lemma Funk_nonneg_on_X: "x \<in> X \<Longrightarrow> y \<in> X \<Longrightarrow> 0 \<le> Funk C x y"
  using ln_ratio_le_Funk[of x y] X_memD by auto

lemma Funk_bounded_on_X: "\<exists>M. \<forall>x\<in>X. \<forall>y\<in>X. Funk C x y \<le> M"
proof -
  obtain r where r: "0 < r" "\<And>x. x \<in> X \<Longrightarrow> ball x r \<subseteq> C" using X_uniform_ball by blast
  obtain R where R: "\<And>x. x \<in> X \<Longrightarrow> norm x \<le> R"
    using compact_imp_bounded[OF X_compact] by (auto simp: bounded_iff)
  define l where "l = \<bar>R\<bar> / r + 1"
  have l: "0 < l" using r by (simp add: l_def add_nonneg_pos)
  have "Funk C x y \<le> ln l" if x: "x \<in> X" and y: "y \<in> X" for x y
  proof (rule Funk_le_ln)
    have "l * r = \<bar>R\<bar> + r" using r by (simp add: l_def field_simps)
    then have "norm (- x) < l * r" using R[OF x] r by simp
    then have "l *\<^sub>R y + - x \<in> C" using r(2)[OF y] l by (intro ball_translate_mem)
    then show "cone_le C x (l *\<^sub>R y)" by (simp add: cone_le_def)
  qed (use X_memD x y l in auto)
  then show ?thesis by blast
qed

## YOUR INSTRUCTIONS
Every line of the listing is to be returned unchanged.

## THE COMPLETED TASK
lemma Funk_nonneg_on_X: "x \<in> X \<Longrightarrow> y \<in> X \<Longrightarrow> 0 \<le> Funk C x y"
  using ln_ratio_le_Funk[of x y] X_memD by auto

lemma Funk_bounded_on_X: "\<exists>M. \<forall>x\<in>X. \<forall>y\<in>X. Funk C x y \<le> M"
proof -
  obtain r where r: "0 < r" "\<And>x. x \<in> X \<Longrightarrow> ball x r \<subseteq> C" using X_uniform_ball by blast
  obtain R where R: "\<And>x. x \<in> X \<Longrightarrow> norm x \<le> R"
    using compact_imp_bounded[OF X_compact] by (auto simp: bounded_iff)
  define l where "l = \<bar>R\<bar> / r + 1"
  have l: "0 < l" using r by (simp add: l_def add_nonneg_pos)
  have "Funk C x y \<le> ln l" if x: "x \<in> X" and y: "y \<in> X" for x y
  proof (rule Funk_le_ln)
    have "l * r = \<bar>R\<bar> + r" using r by (simp add: l_def field_simps)
    then have "norm (- x) < l * r" using R[OF x] r by simp
    then have "l *\<^sub>R y + - x \<in> C" using r(2)[OF y] l by (intro ball_translate_mem)
    then show "cone_le C x (l *\<^sub>R y)" by (simp add: cone_le_def)
  qed (use X_memD x y l in auto)
  then show ?thesis by blast
qed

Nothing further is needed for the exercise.